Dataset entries
--- START ---
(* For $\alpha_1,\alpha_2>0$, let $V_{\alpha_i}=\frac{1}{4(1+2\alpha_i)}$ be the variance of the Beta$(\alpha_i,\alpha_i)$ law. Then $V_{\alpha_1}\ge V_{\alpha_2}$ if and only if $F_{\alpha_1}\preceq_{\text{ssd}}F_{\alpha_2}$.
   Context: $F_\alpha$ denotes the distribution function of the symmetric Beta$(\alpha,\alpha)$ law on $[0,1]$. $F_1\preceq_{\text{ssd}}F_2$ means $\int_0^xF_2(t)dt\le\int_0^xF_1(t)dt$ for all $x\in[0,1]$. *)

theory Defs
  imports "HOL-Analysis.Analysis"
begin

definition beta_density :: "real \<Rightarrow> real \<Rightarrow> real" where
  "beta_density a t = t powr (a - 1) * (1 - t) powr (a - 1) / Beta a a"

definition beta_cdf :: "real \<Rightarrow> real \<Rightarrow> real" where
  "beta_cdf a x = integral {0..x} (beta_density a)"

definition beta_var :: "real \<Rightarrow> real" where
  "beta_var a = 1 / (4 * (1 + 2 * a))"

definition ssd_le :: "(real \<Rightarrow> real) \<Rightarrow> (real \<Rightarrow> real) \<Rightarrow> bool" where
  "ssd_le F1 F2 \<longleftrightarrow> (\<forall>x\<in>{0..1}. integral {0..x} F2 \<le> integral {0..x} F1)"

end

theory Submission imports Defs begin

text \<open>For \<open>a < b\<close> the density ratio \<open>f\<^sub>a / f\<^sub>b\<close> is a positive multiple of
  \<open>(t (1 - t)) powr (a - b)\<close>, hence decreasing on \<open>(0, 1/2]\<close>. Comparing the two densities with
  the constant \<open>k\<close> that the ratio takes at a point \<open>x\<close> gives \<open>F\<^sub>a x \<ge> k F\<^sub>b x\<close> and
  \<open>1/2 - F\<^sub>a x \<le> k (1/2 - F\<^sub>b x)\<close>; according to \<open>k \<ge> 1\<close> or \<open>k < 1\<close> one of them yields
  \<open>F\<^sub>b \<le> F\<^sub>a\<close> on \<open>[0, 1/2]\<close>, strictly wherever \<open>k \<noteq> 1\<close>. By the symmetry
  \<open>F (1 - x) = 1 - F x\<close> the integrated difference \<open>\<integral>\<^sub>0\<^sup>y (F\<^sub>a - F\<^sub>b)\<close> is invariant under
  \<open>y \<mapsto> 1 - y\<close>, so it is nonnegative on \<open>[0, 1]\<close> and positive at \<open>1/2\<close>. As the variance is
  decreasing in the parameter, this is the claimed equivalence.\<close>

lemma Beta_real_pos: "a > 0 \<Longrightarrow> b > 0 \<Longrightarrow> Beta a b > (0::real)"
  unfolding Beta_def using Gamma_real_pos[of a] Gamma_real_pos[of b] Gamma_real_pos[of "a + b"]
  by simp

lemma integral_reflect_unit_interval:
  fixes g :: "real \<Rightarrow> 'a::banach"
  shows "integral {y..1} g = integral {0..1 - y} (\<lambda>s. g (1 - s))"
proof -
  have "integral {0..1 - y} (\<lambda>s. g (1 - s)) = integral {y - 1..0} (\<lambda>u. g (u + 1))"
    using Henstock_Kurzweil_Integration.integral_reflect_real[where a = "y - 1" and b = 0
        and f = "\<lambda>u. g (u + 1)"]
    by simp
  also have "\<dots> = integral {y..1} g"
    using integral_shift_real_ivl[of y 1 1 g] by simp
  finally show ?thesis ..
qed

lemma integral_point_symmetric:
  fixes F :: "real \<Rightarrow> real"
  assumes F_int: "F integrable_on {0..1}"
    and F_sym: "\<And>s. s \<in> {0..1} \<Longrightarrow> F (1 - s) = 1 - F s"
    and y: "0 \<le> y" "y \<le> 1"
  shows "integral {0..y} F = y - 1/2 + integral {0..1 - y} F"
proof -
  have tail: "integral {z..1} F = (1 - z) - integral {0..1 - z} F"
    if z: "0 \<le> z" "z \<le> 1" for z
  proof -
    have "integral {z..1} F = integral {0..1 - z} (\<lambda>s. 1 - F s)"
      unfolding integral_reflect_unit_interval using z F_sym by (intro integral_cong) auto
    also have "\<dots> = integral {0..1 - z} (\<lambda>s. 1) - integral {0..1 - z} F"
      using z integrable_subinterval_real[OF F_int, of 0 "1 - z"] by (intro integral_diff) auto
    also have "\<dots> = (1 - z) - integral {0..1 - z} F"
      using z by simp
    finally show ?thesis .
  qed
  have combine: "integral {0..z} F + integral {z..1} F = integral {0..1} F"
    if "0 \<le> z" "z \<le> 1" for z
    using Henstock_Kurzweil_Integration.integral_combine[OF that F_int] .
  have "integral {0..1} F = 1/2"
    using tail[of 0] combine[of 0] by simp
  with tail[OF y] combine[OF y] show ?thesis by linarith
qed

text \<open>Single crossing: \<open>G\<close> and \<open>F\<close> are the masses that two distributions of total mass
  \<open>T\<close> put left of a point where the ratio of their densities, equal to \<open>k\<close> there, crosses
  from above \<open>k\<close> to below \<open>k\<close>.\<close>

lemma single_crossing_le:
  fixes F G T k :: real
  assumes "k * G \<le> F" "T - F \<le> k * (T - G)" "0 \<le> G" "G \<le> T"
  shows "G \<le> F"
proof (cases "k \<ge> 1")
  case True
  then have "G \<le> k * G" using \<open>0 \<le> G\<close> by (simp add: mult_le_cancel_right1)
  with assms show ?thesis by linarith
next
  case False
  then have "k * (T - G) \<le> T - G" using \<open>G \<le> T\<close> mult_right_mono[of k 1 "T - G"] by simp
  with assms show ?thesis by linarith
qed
--- END ---
--- START ---
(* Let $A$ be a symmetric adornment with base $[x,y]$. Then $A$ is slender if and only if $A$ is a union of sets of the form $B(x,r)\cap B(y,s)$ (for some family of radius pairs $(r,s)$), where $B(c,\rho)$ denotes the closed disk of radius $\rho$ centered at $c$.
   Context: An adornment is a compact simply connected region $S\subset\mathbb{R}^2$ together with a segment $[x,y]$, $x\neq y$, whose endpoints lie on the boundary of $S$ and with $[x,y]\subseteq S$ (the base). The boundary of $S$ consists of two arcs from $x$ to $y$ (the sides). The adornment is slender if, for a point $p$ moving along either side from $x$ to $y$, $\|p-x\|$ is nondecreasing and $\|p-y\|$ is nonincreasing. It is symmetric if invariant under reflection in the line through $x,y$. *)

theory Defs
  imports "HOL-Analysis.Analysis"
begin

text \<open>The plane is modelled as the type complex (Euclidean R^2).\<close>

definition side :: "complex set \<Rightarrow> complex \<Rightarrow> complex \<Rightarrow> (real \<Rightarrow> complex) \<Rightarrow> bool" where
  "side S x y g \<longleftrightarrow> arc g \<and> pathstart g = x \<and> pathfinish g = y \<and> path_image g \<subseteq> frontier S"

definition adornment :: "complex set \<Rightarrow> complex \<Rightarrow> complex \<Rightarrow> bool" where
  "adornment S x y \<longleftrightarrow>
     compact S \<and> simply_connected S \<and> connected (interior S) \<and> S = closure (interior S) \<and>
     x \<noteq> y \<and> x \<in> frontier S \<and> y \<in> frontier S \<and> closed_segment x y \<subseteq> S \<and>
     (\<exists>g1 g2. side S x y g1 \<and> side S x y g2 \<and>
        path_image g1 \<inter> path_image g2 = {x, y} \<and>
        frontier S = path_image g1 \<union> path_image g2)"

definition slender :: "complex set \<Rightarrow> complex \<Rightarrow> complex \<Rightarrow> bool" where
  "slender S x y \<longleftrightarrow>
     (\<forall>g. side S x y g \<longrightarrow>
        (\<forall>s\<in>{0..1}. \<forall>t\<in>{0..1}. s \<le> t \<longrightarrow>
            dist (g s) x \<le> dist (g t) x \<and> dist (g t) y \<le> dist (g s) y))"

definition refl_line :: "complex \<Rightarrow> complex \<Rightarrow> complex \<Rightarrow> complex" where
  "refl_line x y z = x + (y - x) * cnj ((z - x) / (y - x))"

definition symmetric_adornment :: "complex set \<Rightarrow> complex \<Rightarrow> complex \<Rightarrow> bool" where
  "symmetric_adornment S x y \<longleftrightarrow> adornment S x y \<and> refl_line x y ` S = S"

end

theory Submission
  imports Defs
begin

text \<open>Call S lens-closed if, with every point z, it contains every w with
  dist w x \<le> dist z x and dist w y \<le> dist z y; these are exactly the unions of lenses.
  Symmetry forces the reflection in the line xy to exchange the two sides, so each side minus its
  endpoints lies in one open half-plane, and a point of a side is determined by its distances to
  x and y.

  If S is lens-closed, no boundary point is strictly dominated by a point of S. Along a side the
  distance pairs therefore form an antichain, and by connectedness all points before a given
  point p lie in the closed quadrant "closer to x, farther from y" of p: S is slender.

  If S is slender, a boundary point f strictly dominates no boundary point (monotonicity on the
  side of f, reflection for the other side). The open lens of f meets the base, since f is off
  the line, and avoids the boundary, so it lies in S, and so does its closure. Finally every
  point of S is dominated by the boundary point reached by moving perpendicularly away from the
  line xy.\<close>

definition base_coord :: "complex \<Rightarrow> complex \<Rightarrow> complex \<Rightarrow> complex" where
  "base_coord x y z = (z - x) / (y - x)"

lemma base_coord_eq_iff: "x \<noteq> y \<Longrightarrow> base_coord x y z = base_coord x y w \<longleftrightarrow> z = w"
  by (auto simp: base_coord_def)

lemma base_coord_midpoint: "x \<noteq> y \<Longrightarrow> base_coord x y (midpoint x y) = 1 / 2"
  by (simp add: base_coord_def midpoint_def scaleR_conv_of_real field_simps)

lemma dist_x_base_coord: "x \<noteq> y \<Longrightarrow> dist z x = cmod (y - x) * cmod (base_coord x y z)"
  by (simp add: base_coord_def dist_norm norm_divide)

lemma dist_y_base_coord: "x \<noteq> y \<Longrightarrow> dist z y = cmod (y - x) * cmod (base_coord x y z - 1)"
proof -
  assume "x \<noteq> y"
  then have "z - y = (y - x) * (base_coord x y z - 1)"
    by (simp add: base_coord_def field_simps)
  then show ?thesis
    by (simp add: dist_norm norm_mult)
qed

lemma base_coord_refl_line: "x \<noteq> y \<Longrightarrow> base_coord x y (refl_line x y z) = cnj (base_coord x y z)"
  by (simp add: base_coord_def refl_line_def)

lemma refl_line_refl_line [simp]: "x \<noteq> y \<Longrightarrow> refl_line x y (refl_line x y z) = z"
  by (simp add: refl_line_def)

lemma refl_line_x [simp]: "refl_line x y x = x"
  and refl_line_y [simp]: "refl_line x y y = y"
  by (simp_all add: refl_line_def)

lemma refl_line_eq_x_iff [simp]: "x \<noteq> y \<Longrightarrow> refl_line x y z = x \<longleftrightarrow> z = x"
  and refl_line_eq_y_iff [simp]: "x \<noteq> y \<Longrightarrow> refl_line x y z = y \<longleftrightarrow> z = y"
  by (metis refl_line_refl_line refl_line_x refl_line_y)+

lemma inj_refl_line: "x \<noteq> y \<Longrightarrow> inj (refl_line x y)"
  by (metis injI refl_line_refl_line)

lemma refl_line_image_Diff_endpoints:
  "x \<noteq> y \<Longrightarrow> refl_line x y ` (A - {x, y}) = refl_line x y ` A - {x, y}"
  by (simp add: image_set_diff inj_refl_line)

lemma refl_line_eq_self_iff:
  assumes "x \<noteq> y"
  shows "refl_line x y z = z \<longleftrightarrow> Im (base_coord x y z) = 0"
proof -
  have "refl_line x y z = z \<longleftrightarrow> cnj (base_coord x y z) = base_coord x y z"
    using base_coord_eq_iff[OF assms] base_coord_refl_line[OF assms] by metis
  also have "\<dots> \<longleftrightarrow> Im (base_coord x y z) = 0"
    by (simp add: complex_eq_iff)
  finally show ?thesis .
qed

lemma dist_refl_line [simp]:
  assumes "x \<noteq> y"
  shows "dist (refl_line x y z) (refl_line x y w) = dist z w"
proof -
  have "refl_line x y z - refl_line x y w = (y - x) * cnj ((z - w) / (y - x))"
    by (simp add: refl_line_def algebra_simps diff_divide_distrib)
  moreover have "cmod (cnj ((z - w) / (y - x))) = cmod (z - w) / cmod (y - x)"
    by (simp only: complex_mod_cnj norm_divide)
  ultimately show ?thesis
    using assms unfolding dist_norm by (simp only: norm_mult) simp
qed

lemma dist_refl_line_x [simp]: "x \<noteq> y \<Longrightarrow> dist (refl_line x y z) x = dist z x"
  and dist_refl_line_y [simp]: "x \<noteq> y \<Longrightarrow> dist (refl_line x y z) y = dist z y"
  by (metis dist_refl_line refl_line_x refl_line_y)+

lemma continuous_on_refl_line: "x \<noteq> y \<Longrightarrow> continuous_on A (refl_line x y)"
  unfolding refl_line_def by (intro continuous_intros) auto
--- END ---
Retype only this portion of the data above: the line containing "x = cmod (y", the line containing "by (simp_all add: refl_line_def)", and all lines between them, exactly.

▸ **ANSWER SPACE**
lemma dist_x_base_coord: "x \<noteq> y \<Longrightarrow> dist z x = cmod (y - x) * cmod (base_coord x y z)"
  by (simp add: base_coord_def dist_norm norm_divide)

lemma dist_y_base_coord: "x \<noteq> y \<Longrightarrow> dist z y = cmod (y - x) * cmod (base_coord x y z - 1)"
proof -
  assume "x \<noteq> y"
  then have "z - y = (y - x) * (base_coord x y z - 1)"
    by (simp add: base_coord_def field_simps)
  then show ?thesis
    by (simp add: dist_norm norm_mult)
qed

lemma base_coord_refl_line: "x \<noteq> y \<Longrightarrow> base_coord x y (refl_line x y z) = cnj (base_coord x y z)"
  by (simp add: base_coord_def refl_line_def)

lemma refl_line_refl_line [simp]: "x \<noteq> y \<Longrightarrow> refl_line x y (refl_line x y z) = z"
  by (simp add: refl_line_def)

lemma refl_line_x [simp]: "refl_line x y x = x"
  and refl_line_y [simp]: "refl_line x y y = y"
  by (simp_all add: refl_line_def)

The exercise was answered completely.